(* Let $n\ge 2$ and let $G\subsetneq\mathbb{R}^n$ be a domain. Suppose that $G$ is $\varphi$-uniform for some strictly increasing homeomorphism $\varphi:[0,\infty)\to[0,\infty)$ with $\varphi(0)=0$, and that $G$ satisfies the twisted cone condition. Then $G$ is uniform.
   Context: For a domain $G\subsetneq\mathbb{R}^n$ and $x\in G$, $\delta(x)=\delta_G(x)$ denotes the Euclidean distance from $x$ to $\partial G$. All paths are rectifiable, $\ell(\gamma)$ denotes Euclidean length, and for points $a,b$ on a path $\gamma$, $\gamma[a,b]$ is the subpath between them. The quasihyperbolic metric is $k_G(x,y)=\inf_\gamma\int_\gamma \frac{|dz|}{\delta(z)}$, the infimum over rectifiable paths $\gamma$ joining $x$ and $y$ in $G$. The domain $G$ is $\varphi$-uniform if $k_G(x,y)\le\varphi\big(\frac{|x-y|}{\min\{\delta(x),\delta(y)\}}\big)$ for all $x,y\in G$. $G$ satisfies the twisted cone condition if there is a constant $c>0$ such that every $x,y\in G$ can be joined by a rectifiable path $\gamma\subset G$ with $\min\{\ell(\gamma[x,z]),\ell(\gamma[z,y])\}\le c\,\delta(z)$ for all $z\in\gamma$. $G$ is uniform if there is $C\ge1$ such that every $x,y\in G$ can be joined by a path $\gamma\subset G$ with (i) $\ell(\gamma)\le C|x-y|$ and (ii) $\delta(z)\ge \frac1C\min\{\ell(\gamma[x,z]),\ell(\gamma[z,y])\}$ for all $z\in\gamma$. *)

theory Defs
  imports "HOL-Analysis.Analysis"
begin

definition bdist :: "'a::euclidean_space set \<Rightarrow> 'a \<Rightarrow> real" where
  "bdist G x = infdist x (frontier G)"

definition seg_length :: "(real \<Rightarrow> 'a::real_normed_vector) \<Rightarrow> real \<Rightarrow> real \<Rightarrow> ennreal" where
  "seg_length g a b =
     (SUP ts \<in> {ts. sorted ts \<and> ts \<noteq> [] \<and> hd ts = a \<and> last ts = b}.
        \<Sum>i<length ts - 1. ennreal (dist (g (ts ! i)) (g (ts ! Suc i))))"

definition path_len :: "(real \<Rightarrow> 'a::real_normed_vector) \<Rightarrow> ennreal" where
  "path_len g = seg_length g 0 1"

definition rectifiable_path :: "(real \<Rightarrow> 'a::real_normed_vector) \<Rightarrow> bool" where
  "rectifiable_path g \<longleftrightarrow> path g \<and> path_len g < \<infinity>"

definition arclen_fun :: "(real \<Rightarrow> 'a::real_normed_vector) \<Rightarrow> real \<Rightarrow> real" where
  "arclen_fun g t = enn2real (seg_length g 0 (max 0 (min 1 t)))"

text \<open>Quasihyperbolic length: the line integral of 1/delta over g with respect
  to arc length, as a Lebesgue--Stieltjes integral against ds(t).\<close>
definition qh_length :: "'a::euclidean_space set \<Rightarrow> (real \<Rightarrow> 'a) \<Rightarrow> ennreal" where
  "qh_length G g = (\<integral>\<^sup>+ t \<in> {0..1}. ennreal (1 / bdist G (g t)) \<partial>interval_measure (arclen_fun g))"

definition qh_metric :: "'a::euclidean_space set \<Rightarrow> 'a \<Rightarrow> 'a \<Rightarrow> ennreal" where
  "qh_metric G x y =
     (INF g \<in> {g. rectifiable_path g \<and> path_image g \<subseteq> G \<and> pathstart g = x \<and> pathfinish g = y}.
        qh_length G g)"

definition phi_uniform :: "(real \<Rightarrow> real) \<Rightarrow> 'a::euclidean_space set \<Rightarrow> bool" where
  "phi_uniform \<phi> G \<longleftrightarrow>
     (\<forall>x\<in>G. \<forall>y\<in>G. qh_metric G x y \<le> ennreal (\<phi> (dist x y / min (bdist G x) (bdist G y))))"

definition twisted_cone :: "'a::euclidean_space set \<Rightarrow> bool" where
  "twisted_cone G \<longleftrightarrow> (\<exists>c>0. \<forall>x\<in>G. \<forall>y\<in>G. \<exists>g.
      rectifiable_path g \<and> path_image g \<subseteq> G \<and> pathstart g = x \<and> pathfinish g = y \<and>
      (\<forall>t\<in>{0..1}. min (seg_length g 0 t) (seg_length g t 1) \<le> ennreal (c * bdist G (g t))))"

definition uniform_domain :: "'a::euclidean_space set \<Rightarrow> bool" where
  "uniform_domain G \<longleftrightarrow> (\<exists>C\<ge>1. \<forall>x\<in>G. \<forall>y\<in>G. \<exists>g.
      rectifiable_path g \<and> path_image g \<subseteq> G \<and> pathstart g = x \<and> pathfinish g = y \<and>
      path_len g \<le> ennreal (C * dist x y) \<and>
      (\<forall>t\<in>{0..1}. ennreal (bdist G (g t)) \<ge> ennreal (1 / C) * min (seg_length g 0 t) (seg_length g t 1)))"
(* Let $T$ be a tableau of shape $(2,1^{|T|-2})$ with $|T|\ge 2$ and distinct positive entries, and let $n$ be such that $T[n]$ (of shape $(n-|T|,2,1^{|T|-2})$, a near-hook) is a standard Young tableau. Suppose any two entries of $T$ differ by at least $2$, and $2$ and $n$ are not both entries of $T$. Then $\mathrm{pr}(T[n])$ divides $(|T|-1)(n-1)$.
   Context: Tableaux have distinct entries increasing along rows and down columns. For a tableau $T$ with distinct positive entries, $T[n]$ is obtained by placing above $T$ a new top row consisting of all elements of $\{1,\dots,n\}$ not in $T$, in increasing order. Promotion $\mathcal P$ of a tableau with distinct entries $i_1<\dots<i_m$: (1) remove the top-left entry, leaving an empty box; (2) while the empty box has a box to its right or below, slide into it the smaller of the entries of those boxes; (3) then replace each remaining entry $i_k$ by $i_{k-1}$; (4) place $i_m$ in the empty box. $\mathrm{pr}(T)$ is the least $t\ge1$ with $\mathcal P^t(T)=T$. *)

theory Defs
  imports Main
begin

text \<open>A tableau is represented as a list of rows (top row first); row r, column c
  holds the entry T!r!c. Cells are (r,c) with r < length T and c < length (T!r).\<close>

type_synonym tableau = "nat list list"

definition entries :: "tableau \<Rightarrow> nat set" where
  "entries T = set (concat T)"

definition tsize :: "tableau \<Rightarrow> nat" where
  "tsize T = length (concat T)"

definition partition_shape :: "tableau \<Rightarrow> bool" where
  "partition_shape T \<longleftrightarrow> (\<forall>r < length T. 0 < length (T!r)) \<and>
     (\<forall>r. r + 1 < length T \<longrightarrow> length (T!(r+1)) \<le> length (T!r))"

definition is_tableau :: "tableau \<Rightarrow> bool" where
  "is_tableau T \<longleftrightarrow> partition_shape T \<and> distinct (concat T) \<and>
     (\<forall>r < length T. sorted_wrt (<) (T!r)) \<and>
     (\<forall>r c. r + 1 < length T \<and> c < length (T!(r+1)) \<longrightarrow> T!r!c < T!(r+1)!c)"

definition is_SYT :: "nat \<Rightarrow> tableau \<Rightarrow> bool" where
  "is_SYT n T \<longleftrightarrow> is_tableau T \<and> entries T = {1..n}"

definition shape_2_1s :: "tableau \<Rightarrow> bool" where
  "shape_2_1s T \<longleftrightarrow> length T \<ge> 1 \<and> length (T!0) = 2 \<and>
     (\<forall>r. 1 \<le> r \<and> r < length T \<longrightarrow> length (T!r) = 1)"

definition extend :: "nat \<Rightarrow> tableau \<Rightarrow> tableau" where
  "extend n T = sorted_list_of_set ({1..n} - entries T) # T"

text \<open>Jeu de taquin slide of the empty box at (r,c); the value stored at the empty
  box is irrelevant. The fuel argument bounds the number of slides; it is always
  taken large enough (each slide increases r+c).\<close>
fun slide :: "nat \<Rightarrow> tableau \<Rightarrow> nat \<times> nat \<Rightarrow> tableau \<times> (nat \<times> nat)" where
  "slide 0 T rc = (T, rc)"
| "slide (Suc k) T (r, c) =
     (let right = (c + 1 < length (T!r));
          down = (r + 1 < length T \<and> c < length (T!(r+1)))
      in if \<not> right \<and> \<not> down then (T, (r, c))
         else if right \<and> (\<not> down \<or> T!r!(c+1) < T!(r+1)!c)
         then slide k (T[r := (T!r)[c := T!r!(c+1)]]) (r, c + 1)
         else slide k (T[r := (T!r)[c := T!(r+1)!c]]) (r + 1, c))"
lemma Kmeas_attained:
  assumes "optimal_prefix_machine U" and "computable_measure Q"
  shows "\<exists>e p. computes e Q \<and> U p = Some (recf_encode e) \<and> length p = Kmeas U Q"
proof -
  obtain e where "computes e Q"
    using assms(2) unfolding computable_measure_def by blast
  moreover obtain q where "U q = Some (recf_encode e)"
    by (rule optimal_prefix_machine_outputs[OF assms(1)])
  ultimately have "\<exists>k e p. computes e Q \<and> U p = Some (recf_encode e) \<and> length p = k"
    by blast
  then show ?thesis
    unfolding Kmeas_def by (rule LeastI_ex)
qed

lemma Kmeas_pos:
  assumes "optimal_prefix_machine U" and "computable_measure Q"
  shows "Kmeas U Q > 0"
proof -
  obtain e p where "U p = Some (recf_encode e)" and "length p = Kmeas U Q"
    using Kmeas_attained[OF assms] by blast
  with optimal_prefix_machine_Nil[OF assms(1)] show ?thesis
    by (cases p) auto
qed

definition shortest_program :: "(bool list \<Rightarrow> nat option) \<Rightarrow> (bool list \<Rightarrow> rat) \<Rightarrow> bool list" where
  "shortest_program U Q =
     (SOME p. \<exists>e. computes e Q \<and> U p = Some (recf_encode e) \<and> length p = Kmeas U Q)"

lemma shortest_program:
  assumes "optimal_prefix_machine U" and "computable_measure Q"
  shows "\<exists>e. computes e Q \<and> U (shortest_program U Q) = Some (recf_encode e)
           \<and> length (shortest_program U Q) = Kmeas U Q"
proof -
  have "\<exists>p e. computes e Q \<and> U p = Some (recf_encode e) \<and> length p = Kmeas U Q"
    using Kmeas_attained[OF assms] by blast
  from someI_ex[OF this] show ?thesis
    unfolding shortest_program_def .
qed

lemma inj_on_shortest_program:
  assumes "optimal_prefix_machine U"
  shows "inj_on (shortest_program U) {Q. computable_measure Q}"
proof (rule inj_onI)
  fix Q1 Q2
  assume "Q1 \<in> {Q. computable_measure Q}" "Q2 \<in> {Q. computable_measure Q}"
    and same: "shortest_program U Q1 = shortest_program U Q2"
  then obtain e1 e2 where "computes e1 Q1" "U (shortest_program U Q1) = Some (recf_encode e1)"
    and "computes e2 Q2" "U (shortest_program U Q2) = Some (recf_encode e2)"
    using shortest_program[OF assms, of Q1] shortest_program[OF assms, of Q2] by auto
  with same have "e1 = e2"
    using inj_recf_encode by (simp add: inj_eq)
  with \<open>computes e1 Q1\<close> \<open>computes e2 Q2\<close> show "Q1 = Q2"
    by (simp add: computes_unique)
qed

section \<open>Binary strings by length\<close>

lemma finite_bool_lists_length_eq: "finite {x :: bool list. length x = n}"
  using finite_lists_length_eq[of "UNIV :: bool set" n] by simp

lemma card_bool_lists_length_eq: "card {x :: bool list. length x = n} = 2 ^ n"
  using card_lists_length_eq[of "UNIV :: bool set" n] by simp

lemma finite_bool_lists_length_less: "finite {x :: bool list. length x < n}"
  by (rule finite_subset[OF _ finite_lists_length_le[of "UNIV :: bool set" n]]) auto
...
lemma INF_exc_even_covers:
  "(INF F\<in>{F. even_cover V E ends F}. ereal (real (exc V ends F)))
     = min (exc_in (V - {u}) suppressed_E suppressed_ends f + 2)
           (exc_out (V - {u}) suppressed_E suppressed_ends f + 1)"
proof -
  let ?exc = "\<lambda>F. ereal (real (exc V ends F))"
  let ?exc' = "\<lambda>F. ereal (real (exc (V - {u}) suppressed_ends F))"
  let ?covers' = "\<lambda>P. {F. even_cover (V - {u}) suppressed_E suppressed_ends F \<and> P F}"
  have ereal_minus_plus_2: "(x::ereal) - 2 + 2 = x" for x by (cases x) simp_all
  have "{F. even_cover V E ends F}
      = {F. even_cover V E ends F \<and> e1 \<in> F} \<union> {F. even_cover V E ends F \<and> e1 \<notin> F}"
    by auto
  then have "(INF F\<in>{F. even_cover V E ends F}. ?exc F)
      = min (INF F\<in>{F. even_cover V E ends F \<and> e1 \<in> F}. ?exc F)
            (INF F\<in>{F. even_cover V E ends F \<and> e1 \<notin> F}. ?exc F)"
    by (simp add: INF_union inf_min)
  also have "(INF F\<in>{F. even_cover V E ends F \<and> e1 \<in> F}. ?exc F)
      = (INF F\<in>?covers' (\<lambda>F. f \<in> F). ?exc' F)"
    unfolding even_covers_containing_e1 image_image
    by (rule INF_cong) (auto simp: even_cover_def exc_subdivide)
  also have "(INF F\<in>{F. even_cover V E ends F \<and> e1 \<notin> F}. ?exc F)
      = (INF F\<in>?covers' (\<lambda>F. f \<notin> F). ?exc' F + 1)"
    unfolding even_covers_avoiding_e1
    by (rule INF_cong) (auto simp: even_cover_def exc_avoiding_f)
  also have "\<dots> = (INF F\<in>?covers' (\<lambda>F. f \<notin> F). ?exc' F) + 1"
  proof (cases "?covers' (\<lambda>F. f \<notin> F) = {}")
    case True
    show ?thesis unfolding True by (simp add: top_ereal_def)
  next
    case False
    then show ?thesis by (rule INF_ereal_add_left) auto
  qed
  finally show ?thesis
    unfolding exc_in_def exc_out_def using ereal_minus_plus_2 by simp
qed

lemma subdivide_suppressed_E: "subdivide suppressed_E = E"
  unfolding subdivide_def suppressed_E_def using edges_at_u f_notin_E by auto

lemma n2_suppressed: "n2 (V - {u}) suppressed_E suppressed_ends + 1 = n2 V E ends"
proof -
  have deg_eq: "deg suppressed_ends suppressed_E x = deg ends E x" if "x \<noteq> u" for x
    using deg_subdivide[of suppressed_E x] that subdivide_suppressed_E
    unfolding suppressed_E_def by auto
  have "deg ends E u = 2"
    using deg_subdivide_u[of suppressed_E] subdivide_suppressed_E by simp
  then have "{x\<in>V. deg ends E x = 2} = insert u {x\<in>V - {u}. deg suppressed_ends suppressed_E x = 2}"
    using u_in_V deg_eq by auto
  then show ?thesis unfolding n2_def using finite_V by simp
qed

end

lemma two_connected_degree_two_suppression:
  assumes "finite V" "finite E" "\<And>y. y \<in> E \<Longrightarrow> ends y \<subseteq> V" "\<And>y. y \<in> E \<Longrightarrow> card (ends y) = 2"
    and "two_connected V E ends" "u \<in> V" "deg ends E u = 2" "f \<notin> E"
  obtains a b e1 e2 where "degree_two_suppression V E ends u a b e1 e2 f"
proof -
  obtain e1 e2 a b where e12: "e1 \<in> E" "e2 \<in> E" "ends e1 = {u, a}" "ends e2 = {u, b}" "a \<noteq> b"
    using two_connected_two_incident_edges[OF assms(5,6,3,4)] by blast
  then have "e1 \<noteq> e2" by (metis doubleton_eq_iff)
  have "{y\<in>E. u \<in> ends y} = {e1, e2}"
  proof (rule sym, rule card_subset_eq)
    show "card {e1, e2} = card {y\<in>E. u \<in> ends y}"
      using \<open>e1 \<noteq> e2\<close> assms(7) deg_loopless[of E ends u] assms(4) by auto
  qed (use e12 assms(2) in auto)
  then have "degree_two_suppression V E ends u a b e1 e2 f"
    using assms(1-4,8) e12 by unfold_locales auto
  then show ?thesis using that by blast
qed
* * *
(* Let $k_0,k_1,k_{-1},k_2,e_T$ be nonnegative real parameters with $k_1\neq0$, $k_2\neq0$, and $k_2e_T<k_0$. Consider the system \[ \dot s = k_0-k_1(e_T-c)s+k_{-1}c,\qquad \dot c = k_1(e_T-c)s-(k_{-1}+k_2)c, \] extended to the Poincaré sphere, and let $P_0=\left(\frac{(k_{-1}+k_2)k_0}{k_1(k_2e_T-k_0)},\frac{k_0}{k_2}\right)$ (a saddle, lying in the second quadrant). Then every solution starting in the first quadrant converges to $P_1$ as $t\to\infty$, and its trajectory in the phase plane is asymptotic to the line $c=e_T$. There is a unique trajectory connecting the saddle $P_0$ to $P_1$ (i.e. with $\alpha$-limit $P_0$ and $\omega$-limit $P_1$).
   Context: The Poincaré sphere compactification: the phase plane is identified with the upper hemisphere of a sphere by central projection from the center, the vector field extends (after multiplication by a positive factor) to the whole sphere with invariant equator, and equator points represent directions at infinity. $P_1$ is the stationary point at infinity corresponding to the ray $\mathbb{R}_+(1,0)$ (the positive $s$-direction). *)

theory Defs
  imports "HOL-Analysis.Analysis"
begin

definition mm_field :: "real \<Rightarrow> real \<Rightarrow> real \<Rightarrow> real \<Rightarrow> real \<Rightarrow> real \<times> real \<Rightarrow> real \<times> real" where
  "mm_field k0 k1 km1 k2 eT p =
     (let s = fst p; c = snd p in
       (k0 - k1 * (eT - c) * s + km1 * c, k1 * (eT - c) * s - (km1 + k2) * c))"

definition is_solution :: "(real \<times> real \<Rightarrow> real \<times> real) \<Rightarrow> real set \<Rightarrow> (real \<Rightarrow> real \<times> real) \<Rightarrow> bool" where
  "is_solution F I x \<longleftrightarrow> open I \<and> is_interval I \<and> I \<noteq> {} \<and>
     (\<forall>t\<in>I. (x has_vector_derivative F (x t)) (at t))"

THE PROBLEM: In the entries above, restate word for word the lines between the one holding "holds the entry" and the one holding "T = length (concat", inclusive, and nothing besides.

THE ANSWER:
  holds the entry T!r!c. Cells are (r,c) with r < length T and c < length (T!r).\<close>

type_synonym tableau = "nat list list"

definition entries :: "tableau \<Rightarrow> nat set" where
  "entries T = set (concat T)"

definition tsize :: "tableau \<Rightarrow> nat" where
  "tsize T = length (concat T)"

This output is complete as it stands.